Do you ever feel like you are on a chronic illness rollercoaster? Where you never know where you will be or how you will feel from one hour to the next?
Now I am not talking about highs and lows that can come with some mental health diagnoses, I am talking about pain and fatigue. Recently I have been finding it hard to plan my days because I can wake up feeling good and plan out my rests and my days activities. Then not even an hour later I feel like I just ran a marathon and my head is pounding.
It feels like a rollercoaster, when you are terrified because you don’t know how high you are or where the drop will come, and when it does it’s like you cannot breathe! Its scary and overwhelming and joyful at times but still you want to go again haha
Well my pain and fatigue have both amped up since our time in court to get our benefits back. I have things I want to do each day like take the dogs on a short walk, or do a little yoga, but by the end of the day I find I have done neither! I have in general been waking up feeling pretty good and planning to do these things, but then the pain and fatigue set in and I end up spending the day like a zombie.

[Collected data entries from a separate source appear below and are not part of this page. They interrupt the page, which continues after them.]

(* Take a Moore-Penrose dagger category $(\mathbb{X}, \dagger)$ with a \dag-positive map $\begin{bmatrix} \alpha & \beta \\ \beta^\dagger & \delta \end{bmatrix}$ such that $\alpha$ is an isomorphism. Then $\beta^\dagger \circ \alpha^{-1}$ is its unique conditional generator. Therefore, for every object $X \in \mathbb{X}$, if $F= \left( \begin{bmatrix} f \\ g \end{bmatrix}, \begin{bmatrix} \alpha & \beta \\ \beta^\dagger & \delta \end{bmatrix}, \begin{bmatrix} s \\ t \end{bmatrix} \right)$ is a map in $\mathfrak{G}\left[ (\mathbb{X}, \dagger) \right]_X$, then $F\vert_B = \left( \begin{bmatrix} \beta^\dagger \circ \alpha^\circ & g - \beta^\dagger \circ \alpha^\circ \circ f \end{bmatrix}, \delta - \beta^\dagger \circ \alpha^\circ \circ \beta, t - \beta^\dagger \circ \alpha^\circ \circ s \right)$ is its unique conditional.
   Context: Here $(\mathbb{X}, \dagger)$ is a dagger additive category (a dagger category enriched in abelian groups with additive dagger and finite biproducts satisfying $\pi_j^\dagger = \iota_j$; maps between biproducts are written as matrices, the dagger acting as conjugate transpose) in which every map $f$ has a Moore-Penrose inverse $f^\circ$, i.e. $f \circ f^\circ \circ f = f$, $f^\circ \circ f \circ f^\circ = f^\circ$, $(f \circ f^\circ)^\dagger = f \circ f^\circ$, $(f^\circ \circ f)^\dagger = f^\circ \circ f$. A map $p$ is $\dagger$-positive if $p = \phi^\dagger \circ \phi$ for some $\phi$. The map $\begin{bmatrix} \alpha & \beta \\ \beta^\dagger & \delta \end{bmatrix}: B \oplus C \to B \oplus C$ has $\alpha: B \to B$, $\beta: C \to B$, $\delta: C \to C$. A conditional generator for it is a map $m: B \to C$ with $m \circ \alpha = \beta^\dagger$ and $\delta - m \circ \beta$ $\dagger$-positive. For an object $X$, the Gauss construction $\mathfrak{G}\left[ (\mathbb{X}, \dagger) \right]_X$ is the Markov category with the objects of $\mathbb{X}$, maps $A \to B$ the triples $(f,p,x)$ with $f: A \to B$, $p: B \to B$ $\dagger$-positive, $x: X \to B$; identities $\mathsf{Id}_A = (\mathsf{id}_A,0,0)$; composition $(g,q,y) \circ (f,p,x) = (g \circ f, q + g \circ p \circ g^\dagger, y + g \circ x)$; $A \otimes B = A \oplus B$, $(f,p,x) \otimes (g,q,y) = \left(f \oplus g, p \oplus q, \begin{bmatrix} x \\ y \end{bmatrix}\right)$; copy $\mathsf{copy}_A = \left(\begin{bmatrix} \mathsf{id}_A \\ \mathsf{id}_A \end{bmatrix}, 0, 0\right)$, delete $\mathsf{del}_A = (0,0,0): A \to \mathsf{0}$. In $F: A \to B \otimes C$, $f: A \to B$, $g: A \to C$, $s: X \to B$, $t: X \to C$. A map $G: B \otimes A \to C$ is a conditional of $F$ if $(\mathsf{Id}_B \otimes G) \circ (\mathsf{copy}_B \otimes \mathsf{Id}_A) \circ (\mathsf{Id}_B \otimes \mathsf{del}_C \otimes \mathsf{Id}_A) \circ (F \otimes \mathsf{Id}_A) \circ \mathsf{copy}_A = F$. *)

theory Defs
  imports Main
begin

text \<open>Cmp g f is the composite g after f.
  Zer A B is the zero map A to B, Bip A B the biproduct with injections In1, In2
  and projections Pr1, Pr2, and Zob the zero object (nullary biproduct).\<close>

record ('o, 'm) dac =
  Dom :: "'m \<Rightarrow> 'o"
  Cod :: "'m \<Rightarrow> 'o"
  Cmp :: "'m \<Rightarrow> 'm \<Rightarrow> 'm"
  Idm :: "'o \<Rightarrow> 'm"
  Dag :: "'m \<Rightarrow> 'm"
  Zer :: "'o \<Rightarrow> 'o \<Rightarrow> 'm"
  Add :: "'m \<Rightarrow> 'm \<Rightarrow> 'm"
  Neg :: "'m \<Rightarrow> 'm"
  Bip :: "'o \<Rightarrow> 'o \<Rightarrow> 'o"
  In1 :: "'o \<Rightarrow> 'o \<Rightarrow> 'm"
  In2 :: "'o \<Rightarrow> 'o \<Rightarrow> 'm"
  Pr1 :: "'o \<Rightarrow> 'o \<Rightarrow> 'm"
  Pr2 :: "'o \<Rightarrow> 'o \<Rightarrow> 'm"
  Zob :: 'o

definition hom :: "('o, 'm) dac \<Rightarrow> 'o \<Rightarrow> 'o \<Rightarrow> 'm set" where
  "hom K A B = {f. Dom K f = A \<and> Cod K f = B}"

definition Sub :: "('o, 'm) dac \<Rightarrow> 'm \<Rightarrow> 'm \<Rightarrow> 'm" where
  "Sub K f g = Add K f (Neg K g)"

locale dagger_additive_cat =
  fixes K :: "('o, 'm) dac"
  assumes id_hom: "Idm K A \<in> hom K A A"
    and comp_hom: "f \<in> hom K A B \<Longrightarrow> g \<in> hom K B D \<Longrightarrow> Cmp K g f \<in> hom K A D"
    and id_left: "f \<in> hom K A B \<Longrightarrow> Cmp K (Idm K B) f = f"
    and id_right: "f \<in> hom K A B \<Longrightarrow> Cmp K f (Idm K A) = f"
    and comp_assoc: "f \<in> hom K A B \<Longrightarrow> g \<in> hom K B D \<Longrightarrow> h \<in> hom K D E \<Longrightarrow>
        Cmp K h (Cmp K g f) = Cmp K (Cmp K h g) f"
    and dag_hom: "f \<in> hom K A B \<Longrightarrow> Dag K f \<in> hom K B A"
    and dag_dag: "f \<in> hom K A B \<Longrightarrow> Dag K (Dag K f) = f"
    and dag_id: "Dag K (Idm K A) = Idm K A"
    and dag_comp: "f \<in> hom K A B \<Longrightarrow> g \<in> hom K B D \<Longrightarrow>
        Dag K (Cmp K g f) = Cmp K (Dag K f) (Dag K g)"
    and zer_hom: "Zer K A B \<in> hom K A B"
    and add_hom: "f \<in> hom K A B \<Longrightarrow> g \<in> hom K A B \<Longrightarrow> Add K f g \<in> hom K A B"
    and neg_hom: "f \<in> hom K A B \<Longrightarrow> Neg K f \<in> hom K A B"
    and add_assoc: "f \<in> hom K A B \<Longrightarrow> g \<in> hom K A B \<Longrightarrow> h \<in> hom K A B \<Longrightarrow>
        Add K (Add K f g) h = Add K f (Add K g h)"
    and add_comm: "f \<in> hom K A B \<Longrightarrow> g \<in> hom K A B \<Longrightarrow> Add K f g = Add K g f"
    and add_zero: "f \<in> hom K A B \<Longrightarrow> Add K f (Zer K A B) = f"
    and add_neg: "f \<in> hom K A B \<Longrightarrow> Add K f (Neg K f) = Zer K A B"
    and comp_add_left: "f \<in> hom K A B \<Longrightarrow> g \<in> hom K A B \<Longrightarrow> h \<in> hom K B D \<Longrightarrow>
        Cmp K h (Add K f g) = Add K (Cmp K h f) (Cmp K h g)"
    and comp_add_right: "f \<in> hom K B D \<Longrightarrow> g \<in> hom K B D \<Longrightarrow> h \<in> hom K A B \<Longrightarrow>
        Cmp K (Add K f g) h = Add K (Cmp K f h) (Cmp K g h)"
    and dag_add: "f \<in> hom K A B \<Longrightarrow> g \<in> hom K A B \<Longrightarrow>
        Dag K (Add K f g) = Add K (Dag K f) (Dag K g)"
    and in1_hom: "In1 K A B \<in> hom K A (Bip K A B)"
    and in2_hom: "In2 K A B \<in> hom K B (Bip K A B)"
    and pr1_hom: "Pr1 K A B \<in> hom K (Bip K A B) A"
    and pr2_hom: "Pr2 K A B \<in> hom K (Bip K A B) B"
    and pr1_in1: "Cmp K (Pr1 K A B) (In1 K A B) = Idm K A"
    and pr2_in2: "Cmp K (Pr2 K A B) (In2 K A B) = Idm K B"
    and pr1_in2: "Cmp K (Pr1 K A B) (In2 K A B) = Zer K B A"
    and pr2_in1: "Cmp K (Pr2 K A B) (In1 K A B) = Zer K A B"
    and bip_sum: "Add K (Cmp K (In1 K A B) (Pr1 K A B)) (Cmp K (In2 K A B) (Pr2 K A B))
        = Idm K (Bip K A B)"
    and dag_pr1: "Dag K (Pr1 K A B) = In1 K A B"
    and dag_pr2: "Dag K (Pr2 K A B) = In2 K A B"
    and zero_obj: "Idm K (Zob K) = Zer K (Zob K) (Zob K)"

definition is_mp_inverse :: "('o, 'm) dac \<Rightarrow> 'm \<Rightarrow> 'm \<Rightarrow> bool" where
  "is_mp_inverse K f g \<longleftrightarrow> g \<in> hom K (Cod K f) (Dom K f)
     \<and> Cmp K (Cmp K f g) f = f
     \<and> Cmp K (Cmp K g f) g = g
     \<and> Dag K (Cmp K f g) = Cmp K f g
     \<and> Dag K (Cmp K g f) = Cmp K g f"

locale mp_dagger_additive_cat = dagger_additive_cat +
  assumes mp_exists: "\<exists>g. is_mp_inverse K f g"

text \<open>The Moore-Penrose inverse f\<degree> (unique when it exists).\<close>
definition mpinv :: "('o, 'm) dac \<Rightarrow> 'm \<Rightarrow> 'm" where
  "mpinv K f = (SOME g. is_mp_inverse K f g)"

definition is_iso :: "('o, 'm) dac \<Rightarrow> 'o \<Rightarrow> 'o \<Rightarrow> 'm \<Rightarrow> bool" where
  "is_iso K A B a \<longleftrightarrow> a \<in> hom K A B \<and>
     (\<exists>b \<in> hom K B A. Cmp K b a = Idm K A \<and> Cmp K a b = Idm K B)"

definition inv_map :: "('o, 'm) dac \<Rightarrow> 'm \<Rightarrow> 'm" where
  "inv_map K a = (SOME b. b \<in> hom K (Cod K a) (Dom K a) \<and>
     Cmp K b a = Idm K (Dom K a) \<and> Cmp K a b = Idm K (Cod K a))"

definition dpos :: "('o, 'm) dac \<Rightarrow> 'o \<Rightarrow> 'm \<Rightarrow> bool" where
  "dpos K B p \<longleftrightarrow> p \<in> hom K B B \<and> (\<exists>\<phi>. Dom K \<phi> = B \<and> p = Cmp K (Dag K \<phi>) \<phi>)"

definition col :: "('o, 'm) dac \<Rightarrow> 'm \<Rightarrow> 'm \<Rightarrow> 'm" where
  "col K f g = Add K (Cmp K (In1 K (Cod K f) (Cod K g)) f) (Cmp K (In2 K (Cod K f) (Cod K g)) g)"

definition row :: "('o, 'm) dac \<Rightarrow> 'm \<Rightarrow> 'm \<Rightarrow> 'm" where
  "row K h k = Add K (Cmp K h (Pr1 K (Dom K h) (Dom K k))) (Cmp K k (Pr2 K (Dom K h) (Dom K k)))"

text \<open>The 2x2 matrix [[a, b], [c, d]] : A1 \<oplus> A2 \<rightarrow> B1 \<oplus> B2 with
  a : A1 \<rightarrow> B1, b : A2 \<rightarrow> B1, c : A1 \<rightarrow> B2, d : A2 \<rightarrow> B2.\<close>
definition mat2 :: "('o, 'm) dac \<Rightarrow> 'm \<Rightarrow> 'm \<Rightarrow> 'm \<Rightarrow> 'm \<Rightarrow> 'm" where
  "mat2 K a b c d = col K (row K a b) (row K c d)"

definition dsum :: "('o, 'm) dac \<Rightarrow> 'm \<Rightarrow> 'm \<Rightarrow> 'm" where
  "dsum K f g = mat2 K f (Zer K (Dom K g) (Cod K f)) (Zer K (Dom K f) (Cod K g)) g"

definition cond_gen :: "('o, 'm) dac \<Rightarrow> 'm \<Rightarrow> 'm \<Rightarrow> 'm \<Rightarrow> 'm \<Rightarrow> bool" where
  "cond_gen K \<alpha> \<beta> \<delta> m \<longleftrightarrow> m \<in> hom K (Dom K \<alpha>) (Dom K \<beta>)
     \<and> Cmp K m \<alpha> = Dag K \<beta>
     \<and> dpos K (Dom K \<beta>) (Sub K \<delta> (Cmp K m \<beta>))"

It is the never knowing quite how my fatigue and pain will manifest which is the thing that reminds me most of a rollercoaster. It feels like I could cope more if it were steady and I knew where I was every day, I could get used to it and find ways to keep doing the things I need to.
But the chronic illness rollercoaster right now just feels so up and down, scary and unpredictable. I have had bloods taken to see if it is my thyroid causing some of the problems, I am grateful my doctor doesn’t just assume it is the fibromyalgia. But still I think I would like to get off now if that’s OK and get my feet on the ground find a new norm and feel more stable you know?